## Task to complete
Beneath this task are records; print exactly the stretch of them from the line with "using norm_integral_cis_le_length[OF \<open>c" through the line with "x))) \<le> 4 / sqrt", both ends included.

[Dataset entries]
--- --- ---
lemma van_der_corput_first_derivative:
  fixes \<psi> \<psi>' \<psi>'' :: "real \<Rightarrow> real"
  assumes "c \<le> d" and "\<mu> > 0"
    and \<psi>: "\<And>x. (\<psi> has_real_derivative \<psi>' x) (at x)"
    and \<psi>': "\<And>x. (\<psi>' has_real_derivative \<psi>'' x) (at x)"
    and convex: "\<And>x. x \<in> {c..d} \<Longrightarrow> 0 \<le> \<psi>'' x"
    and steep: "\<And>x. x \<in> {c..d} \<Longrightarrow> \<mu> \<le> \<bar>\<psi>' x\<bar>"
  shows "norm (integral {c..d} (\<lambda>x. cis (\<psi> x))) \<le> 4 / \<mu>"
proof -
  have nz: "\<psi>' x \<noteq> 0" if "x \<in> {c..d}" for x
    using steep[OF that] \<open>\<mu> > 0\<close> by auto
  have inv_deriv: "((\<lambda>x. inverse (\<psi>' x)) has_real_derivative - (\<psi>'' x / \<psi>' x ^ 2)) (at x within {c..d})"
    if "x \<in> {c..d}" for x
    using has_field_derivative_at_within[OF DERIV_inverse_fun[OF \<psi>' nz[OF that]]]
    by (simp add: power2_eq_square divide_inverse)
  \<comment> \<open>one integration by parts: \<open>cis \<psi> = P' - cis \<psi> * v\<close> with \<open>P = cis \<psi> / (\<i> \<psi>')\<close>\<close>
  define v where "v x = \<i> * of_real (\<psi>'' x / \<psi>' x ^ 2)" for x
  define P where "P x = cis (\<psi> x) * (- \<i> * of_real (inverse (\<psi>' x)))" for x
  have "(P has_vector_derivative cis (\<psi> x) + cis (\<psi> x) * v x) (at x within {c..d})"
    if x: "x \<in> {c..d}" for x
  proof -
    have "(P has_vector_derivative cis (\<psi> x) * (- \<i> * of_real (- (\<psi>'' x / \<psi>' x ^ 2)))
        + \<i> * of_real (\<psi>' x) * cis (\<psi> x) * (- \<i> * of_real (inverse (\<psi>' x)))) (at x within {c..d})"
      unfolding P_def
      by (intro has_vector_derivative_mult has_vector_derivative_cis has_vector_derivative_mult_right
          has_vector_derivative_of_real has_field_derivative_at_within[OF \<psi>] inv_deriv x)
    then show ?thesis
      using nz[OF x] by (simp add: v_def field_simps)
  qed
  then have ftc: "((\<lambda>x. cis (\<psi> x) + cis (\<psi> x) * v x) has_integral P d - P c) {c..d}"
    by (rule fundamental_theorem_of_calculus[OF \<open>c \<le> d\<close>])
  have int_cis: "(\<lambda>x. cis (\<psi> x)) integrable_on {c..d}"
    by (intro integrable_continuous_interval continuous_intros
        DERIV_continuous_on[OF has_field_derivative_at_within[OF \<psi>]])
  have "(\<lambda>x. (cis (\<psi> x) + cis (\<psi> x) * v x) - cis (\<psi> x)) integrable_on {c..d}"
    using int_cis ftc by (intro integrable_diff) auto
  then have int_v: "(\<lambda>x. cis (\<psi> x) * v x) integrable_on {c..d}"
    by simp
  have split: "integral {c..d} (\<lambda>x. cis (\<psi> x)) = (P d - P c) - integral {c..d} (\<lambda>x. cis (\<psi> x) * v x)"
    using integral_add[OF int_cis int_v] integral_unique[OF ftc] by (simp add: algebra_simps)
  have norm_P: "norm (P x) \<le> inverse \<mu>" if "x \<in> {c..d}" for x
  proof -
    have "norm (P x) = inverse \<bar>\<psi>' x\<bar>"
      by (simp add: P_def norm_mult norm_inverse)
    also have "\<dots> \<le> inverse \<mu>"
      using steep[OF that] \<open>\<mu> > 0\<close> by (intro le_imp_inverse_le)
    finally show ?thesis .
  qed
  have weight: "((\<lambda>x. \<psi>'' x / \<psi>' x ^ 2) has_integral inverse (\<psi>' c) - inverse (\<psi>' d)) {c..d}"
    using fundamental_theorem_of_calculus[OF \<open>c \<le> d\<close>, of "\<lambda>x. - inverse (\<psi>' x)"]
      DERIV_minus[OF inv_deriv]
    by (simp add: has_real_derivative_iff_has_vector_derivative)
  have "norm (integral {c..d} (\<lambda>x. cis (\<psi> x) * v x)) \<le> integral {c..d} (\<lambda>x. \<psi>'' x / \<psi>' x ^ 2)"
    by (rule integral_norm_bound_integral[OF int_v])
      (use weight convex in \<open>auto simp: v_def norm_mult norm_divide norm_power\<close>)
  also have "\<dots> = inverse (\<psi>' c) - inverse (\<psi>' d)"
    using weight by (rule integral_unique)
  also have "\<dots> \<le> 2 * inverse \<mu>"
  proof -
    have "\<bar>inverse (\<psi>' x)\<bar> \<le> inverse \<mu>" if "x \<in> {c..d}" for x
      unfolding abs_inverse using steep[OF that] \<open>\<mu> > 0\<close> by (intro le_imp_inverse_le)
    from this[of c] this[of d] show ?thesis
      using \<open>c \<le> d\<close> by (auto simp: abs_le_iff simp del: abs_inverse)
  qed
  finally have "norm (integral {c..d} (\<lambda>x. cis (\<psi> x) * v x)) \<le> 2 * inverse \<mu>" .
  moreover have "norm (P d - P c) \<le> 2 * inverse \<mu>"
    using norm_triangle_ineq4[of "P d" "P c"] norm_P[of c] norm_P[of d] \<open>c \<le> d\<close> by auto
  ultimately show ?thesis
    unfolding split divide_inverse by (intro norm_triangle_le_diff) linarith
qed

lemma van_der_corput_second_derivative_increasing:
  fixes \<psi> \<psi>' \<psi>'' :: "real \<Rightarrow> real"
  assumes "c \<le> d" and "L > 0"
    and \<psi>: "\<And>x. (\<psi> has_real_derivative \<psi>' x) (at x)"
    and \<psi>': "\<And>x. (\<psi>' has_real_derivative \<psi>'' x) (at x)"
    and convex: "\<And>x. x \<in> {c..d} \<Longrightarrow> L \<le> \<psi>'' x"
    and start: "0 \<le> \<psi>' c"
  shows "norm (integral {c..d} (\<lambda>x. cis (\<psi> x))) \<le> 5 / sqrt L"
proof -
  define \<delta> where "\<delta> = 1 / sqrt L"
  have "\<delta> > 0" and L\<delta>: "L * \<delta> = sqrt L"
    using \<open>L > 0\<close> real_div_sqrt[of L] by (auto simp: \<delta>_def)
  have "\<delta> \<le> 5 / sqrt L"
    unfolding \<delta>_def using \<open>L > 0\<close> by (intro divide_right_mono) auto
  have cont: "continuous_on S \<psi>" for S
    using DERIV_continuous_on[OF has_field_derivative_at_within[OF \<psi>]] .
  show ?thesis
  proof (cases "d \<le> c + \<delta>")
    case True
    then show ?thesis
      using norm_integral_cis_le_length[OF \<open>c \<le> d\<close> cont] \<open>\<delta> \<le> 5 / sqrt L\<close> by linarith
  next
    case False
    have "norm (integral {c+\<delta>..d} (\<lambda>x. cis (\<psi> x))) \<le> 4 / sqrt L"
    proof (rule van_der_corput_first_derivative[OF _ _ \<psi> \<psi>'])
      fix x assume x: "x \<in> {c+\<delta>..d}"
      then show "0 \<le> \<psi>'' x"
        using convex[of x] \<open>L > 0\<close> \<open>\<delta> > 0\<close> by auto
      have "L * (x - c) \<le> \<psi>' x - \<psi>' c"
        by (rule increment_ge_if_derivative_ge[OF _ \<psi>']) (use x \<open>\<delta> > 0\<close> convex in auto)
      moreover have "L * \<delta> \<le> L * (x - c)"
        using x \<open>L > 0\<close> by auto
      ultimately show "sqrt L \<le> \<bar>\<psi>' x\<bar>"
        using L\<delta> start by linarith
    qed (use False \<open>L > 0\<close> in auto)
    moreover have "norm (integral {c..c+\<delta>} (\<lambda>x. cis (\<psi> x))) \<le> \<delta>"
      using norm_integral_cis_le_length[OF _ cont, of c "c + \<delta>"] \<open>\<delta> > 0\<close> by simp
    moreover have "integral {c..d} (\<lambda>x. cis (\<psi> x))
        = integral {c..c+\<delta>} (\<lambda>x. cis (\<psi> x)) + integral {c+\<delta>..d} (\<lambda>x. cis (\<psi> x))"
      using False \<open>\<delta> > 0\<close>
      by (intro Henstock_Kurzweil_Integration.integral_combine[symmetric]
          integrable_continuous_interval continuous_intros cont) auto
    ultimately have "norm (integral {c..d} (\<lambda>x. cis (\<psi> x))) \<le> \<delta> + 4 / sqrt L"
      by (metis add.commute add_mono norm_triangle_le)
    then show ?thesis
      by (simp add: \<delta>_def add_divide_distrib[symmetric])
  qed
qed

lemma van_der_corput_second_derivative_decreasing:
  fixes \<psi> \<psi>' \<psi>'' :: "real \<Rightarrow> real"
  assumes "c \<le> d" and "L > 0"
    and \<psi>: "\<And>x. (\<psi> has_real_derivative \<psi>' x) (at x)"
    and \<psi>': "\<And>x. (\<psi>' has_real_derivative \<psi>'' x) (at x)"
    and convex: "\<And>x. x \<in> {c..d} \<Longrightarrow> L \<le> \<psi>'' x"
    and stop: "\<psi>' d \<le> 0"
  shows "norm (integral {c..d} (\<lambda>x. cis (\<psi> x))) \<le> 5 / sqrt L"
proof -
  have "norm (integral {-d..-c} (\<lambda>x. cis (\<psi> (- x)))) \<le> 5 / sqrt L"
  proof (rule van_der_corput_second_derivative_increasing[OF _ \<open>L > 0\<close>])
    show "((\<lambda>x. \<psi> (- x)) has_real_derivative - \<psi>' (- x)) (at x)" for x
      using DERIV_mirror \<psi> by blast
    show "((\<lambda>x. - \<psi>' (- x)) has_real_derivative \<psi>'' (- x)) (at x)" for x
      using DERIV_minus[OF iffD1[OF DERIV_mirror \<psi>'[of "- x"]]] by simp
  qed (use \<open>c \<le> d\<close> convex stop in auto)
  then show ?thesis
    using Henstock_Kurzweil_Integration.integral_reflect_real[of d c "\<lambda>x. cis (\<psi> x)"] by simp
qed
--- --- ---
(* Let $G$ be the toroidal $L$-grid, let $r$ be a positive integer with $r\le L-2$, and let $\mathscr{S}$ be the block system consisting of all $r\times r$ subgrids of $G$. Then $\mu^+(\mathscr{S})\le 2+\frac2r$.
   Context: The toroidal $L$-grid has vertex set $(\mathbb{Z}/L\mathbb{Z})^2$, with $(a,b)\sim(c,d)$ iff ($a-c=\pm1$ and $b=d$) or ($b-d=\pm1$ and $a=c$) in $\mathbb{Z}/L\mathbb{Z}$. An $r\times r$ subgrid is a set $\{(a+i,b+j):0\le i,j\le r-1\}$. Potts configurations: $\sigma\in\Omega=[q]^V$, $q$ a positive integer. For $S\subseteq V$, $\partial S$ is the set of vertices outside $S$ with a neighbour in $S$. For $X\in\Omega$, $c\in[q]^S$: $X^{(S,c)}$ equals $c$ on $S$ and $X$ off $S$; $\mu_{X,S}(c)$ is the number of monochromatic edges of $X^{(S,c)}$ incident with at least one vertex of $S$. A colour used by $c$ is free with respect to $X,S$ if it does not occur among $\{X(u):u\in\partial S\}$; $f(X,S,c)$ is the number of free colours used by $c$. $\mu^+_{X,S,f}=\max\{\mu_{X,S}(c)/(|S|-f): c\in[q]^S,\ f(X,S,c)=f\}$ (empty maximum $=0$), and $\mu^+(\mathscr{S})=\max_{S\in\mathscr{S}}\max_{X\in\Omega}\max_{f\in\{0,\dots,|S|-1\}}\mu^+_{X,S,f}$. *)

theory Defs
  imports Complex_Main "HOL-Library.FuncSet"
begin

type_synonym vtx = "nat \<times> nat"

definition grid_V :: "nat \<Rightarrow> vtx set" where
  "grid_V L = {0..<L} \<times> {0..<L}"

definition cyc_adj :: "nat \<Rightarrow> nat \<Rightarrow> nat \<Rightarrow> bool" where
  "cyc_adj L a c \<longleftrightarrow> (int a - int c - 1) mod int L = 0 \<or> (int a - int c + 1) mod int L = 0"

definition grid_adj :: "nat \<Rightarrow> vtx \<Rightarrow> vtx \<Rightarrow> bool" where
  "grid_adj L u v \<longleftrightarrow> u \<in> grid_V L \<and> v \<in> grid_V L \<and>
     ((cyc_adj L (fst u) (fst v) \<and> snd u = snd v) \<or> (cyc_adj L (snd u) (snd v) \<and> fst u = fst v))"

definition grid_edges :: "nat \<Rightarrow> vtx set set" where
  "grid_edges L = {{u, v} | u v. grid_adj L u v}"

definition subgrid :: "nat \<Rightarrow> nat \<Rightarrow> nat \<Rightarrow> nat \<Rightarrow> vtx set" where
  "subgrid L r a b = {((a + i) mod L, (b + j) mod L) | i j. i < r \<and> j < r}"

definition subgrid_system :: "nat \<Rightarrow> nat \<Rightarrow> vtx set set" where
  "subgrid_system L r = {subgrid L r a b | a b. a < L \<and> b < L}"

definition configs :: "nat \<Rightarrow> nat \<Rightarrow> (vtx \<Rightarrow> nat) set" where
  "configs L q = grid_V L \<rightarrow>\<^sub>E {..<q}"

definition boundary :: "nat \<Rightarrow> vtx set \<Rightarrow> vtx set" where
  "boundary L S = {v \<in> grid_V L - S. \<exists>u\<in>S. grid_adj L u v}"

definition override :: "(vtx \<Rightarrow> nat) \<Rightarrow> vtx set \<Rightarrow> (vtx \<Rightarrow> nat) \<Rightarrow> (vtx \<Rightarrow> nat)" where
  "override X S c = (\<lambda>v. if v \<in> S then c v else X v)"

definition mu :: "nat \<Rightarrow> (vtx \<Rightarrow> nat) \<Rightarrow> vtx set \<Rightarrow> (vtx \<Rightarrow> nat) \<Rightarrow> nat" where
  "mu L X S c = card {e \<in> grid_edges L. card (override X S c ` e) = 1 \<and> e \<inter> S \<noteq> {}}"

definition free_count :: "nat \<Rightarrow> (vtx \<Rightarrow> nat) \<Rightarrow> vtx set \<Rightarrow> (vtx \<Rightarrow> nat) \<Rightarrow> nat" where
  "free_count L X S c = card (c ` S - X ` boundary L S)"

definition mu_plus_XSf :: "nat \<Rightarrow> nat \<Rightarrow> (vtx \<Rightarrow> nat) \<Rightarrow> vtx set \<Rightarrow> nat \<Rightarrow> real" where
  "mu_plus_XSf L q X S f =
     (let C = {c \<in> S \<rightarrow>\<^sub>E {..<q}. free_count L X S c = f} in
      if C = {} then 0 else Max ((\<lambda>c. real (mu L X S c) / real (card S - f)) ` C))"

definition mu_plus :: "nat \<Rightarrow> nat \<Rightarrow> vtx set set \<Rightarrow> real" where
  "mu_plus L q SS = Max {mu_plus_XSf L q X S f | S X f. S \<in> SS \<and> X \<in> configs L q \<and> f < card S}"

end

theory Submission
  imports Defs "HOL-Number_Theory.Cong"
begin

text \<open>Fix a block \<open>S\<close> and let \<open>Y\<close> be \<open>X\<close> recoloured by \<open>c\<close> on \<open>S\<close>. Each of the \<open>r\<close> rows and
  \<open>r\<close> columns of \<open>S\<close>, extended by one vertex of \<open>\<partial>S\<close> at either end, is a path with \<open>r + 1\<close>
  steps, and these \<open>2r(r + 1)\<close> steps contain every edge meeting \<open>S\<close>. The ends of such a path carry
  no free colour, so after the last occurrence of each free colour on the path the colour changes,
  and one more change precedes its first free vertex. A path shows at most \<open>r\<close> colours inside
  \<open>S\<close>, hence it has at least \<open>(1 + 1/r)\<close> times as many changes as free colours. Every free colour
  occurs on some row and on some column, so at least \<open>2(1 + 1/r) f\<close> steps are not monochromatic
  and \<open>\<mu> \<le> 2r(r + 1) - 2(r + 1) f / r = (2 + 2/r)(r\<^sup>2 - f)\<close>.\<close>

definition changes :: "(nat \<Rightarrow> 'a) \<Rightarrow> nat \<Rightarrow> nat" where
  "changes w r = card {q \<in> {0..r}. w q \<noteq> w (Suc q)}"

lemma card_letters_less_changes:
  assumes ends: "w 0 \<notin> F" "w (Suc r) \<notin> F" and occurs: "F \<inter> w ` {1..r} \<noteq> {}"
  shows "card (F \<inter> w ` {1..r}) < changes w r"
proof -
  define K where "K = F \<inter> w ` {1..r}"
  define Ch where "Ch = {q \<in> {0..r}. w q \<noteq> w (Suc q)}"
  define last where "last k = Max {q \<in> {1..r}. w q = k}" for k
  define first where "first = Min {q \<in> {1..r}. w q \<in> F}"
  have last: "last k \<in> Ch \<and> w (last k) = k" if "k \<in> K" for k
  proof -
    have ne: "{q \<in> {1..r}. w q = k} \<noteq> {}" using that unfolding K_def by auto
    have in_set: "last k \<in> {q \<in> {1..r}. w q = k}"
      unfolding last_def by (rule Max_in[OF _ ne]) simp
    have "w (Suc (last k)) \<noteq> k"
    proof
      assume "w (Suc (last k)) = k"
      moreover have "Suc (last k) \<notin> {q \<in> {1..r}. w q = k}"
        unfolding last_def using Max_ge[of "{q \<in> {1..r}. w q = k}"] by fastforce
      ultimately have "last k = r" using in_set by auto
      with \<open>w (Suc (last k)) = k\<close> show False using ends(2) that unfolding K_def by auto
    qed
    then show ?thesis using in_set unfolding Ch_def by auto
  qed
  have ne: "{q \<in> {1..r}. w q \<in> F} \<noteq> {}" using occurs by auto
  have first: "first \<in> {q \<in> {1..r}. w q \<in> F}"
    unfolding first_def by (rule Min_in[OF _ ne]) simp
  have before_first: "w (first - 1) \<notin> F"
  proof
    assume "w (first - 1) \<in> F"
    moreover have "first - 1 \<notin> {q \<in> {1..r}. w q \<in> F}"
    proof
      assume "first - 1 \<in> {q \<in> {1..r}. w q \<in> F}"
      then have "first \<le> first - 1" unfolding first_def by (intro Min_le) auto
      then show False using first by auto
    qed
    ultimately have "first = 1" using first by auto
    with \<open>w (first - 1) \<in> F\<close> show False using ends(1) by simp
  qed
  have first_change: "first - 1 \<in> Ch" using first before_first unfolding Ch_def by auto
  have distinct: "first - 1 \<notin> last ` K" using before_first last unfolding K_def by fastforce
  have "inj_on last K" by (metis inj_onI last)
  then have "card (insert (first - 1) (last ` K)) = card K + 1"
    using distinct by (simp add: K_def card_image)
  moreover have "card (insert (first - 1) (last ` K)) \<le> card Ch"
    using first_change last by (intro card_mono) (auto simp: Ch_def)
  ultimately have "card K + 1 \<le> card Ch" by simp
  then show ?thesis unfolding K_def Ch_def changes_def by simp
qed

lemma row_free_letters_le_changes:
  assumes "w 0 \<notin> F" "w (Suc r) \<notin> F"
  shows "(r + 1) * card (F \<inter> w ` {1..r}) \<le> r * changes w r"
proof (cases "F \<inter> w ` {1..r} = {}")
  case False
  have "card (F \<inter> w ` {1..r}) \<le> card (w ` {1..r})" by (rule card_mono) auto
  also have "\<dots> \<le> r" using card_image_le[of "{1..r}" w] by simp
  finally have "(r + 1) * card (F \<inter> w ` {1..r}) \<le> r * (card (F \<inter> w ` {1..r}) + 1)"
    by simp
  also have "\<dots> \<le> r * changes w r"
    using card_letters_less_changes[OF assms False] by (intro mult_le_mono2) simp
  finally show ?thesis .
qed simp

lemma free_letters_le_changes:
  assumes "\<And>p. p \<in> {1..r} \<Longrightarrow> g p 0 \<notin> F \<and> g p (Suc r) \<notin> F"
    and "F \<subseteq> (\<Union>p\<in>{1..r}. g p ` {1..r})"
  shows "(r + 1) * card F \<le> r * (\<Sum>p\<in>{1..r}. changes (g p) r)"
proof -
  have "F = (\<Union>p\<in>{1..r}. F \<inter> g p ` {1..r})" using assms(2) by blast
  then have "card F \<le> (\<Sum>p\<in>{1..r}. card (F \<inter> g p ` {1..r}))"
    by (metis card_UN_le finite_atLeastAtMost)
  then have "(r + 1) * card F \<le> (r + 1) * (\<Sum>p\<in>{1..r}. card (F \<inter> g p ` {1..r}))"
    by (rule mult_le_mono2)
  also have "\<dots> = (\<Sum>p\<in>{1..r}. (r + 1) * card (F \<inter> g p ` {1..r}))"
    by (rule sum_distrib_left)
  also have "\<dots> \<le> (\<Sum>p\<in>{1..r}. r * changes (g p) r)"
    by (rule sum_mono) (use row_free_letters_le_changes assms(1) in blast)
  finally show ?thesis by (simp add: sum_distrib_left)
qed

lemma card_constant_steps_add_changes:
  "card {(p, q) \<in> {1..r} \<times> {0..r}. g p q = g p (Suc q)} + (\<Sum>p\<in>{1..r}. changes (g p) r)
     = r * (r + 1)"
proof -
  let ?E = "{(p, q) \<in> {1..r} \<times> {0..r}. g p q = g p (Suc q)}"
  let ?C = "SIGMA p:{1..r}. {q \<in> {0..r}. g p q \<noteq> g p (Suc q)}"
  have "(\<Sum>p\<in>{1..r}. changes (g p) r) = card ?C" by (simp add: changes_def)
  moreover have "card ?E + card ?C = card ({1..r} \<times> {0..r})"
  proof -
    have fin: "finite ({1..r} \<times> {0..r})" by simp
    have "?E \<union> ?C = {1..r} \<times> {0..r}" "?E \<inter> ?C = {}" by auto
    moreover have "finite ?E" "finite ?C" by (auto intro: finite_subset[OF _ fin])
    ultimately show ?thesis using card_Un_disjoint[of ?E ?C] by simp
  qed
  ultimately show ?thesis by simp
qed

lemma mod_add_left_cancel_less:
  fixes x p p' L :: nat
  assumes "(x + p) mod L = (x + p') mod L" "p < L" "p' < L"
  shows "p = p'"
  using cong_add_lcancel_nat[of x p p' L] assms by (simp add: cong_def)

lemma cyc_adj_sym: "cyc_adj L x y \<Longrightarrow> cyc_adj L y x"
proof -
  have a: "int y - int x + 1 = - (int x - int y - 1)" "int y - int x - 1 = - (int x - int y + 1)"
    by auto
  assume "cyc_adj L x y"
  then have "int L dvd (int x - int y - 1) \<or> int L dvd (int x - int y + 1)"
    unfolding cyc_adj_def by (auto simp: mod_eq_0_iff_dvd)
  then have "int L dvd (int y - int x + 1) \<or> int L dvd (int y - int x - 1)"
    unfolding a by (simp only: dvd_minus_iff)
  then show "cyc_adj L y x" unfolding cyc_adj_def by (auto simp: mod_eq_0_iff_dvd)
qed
--- --- ---
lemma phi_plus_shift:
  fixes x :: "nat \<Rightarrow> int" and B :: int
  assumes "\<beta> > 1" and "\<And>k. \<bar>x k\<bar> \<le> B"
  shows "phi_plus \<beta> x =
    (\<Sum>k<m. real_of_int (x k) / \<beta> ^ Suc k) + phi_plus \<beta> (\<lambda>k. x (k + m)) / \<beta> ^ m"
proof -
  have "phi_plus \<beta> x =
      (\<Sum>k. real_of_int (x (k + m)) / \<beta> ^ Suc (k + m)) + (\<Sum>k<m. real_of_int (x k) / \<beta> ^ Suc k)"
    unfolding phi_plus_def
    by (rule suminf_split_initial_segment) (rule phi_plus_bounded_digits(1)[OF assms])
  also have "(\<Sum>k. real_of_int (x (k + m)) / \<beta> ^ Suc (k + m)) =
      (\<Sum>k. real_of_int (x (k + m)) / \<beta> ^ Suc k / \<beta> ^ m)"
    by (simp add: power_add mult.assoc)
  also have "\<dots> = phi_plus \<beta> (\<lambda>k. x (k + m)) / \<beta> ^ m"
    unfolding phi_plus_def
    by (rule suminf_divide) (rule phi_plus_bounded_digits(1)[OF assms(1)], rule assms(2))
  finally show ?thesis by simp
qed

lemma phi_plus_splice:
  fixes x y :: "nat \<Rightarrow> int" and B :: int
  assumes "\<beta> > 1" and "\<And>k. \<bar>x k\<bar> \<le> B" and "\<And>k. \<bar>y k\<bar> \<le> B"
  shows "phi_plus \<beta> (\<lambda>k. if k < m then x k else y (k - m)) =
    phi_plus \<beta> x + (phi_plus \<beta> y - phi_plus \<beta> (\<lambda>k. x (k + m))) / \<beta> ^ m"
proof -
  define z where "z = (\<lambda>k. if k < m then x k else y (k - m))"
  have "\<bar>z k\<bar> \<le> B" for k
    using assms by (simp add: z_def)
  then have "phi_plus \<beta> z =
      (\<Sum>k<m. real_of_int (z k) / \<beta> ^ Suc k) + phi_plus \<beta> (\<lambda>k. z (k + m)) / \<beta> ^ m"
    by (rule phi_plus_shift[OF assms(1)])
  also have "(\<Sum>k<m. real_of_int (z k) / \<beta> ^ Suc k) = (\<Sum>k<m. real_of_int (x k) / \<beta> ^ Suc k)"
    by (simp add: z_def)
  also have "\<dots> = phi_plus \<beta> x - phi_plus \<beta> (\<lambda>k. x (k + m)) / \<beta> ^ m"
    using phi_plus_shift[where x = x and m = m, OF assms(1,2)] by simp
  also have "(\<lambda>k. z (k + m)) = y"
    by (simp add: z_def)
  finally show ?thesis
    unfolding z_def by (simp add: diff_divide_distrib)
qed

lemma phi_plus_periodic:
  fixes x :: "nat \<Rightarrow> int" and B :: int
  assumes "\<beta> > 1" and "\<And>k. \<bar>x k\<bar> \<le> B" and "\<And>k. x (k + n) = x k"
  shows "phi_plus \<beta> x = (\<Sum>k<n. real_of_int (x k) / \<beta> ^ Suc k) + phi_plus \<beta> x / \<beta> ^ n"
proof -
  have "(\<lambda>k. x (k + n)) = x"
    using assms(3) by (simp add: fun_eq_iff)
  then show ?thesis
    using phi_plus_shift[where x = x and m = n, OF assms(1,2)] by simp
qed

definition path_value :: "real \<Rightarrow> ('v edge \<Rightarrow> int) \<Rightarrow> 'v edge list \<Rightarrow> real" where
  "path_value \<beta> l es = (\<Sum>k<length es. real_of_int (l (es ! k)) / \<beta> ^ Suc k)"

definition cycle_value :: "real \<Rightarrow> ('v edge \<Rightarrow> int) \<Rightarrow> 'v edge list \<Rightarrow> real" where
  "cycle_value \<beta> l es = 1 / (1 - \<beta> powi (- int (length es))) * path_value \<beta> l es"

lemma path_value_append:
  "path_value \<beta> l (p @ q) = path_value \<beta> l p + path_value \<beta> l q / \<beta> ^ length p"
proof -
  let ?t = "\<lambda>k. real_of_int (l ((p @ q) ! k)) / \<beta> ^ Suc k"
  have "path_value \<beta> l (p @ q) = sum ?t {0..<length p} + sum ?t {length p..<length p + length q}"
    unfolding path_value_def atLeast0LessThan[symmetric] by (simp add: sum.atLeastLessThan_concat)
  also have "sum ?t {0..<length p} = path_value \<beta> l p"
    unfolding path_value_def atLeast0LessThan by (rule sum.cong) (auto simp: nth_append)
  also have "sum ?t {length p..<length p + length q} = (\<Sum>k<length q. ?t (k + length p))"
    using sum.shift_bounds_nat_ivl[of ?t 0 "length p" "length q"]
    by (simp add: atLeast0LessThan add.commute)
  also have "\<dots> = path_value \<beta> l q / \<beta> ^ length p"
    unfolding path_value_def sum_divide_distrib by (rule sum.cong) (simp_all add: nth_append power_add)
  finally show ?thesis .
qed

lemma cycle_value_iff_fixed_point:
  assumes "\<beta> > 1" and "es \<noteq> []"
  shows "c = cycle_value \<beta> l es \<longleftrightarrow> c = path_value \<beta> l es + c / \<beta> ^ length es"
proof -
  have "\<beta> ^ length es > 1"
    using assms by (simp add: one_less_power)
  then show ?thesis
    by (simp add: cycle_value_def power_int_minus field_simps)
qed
--- --- ---
## Result
      using norm_integral_cis_le_length[OF \<open>c \<le> d\<close> cont] \<open>\<delta> \<le> 5 / sqrt L\<close> by linarith
  next
    case False
    have "norm (integral {c+\<delta>..d} (\<lambda>x. cis (\<psi> x))) \<le> 4 / sqrt L"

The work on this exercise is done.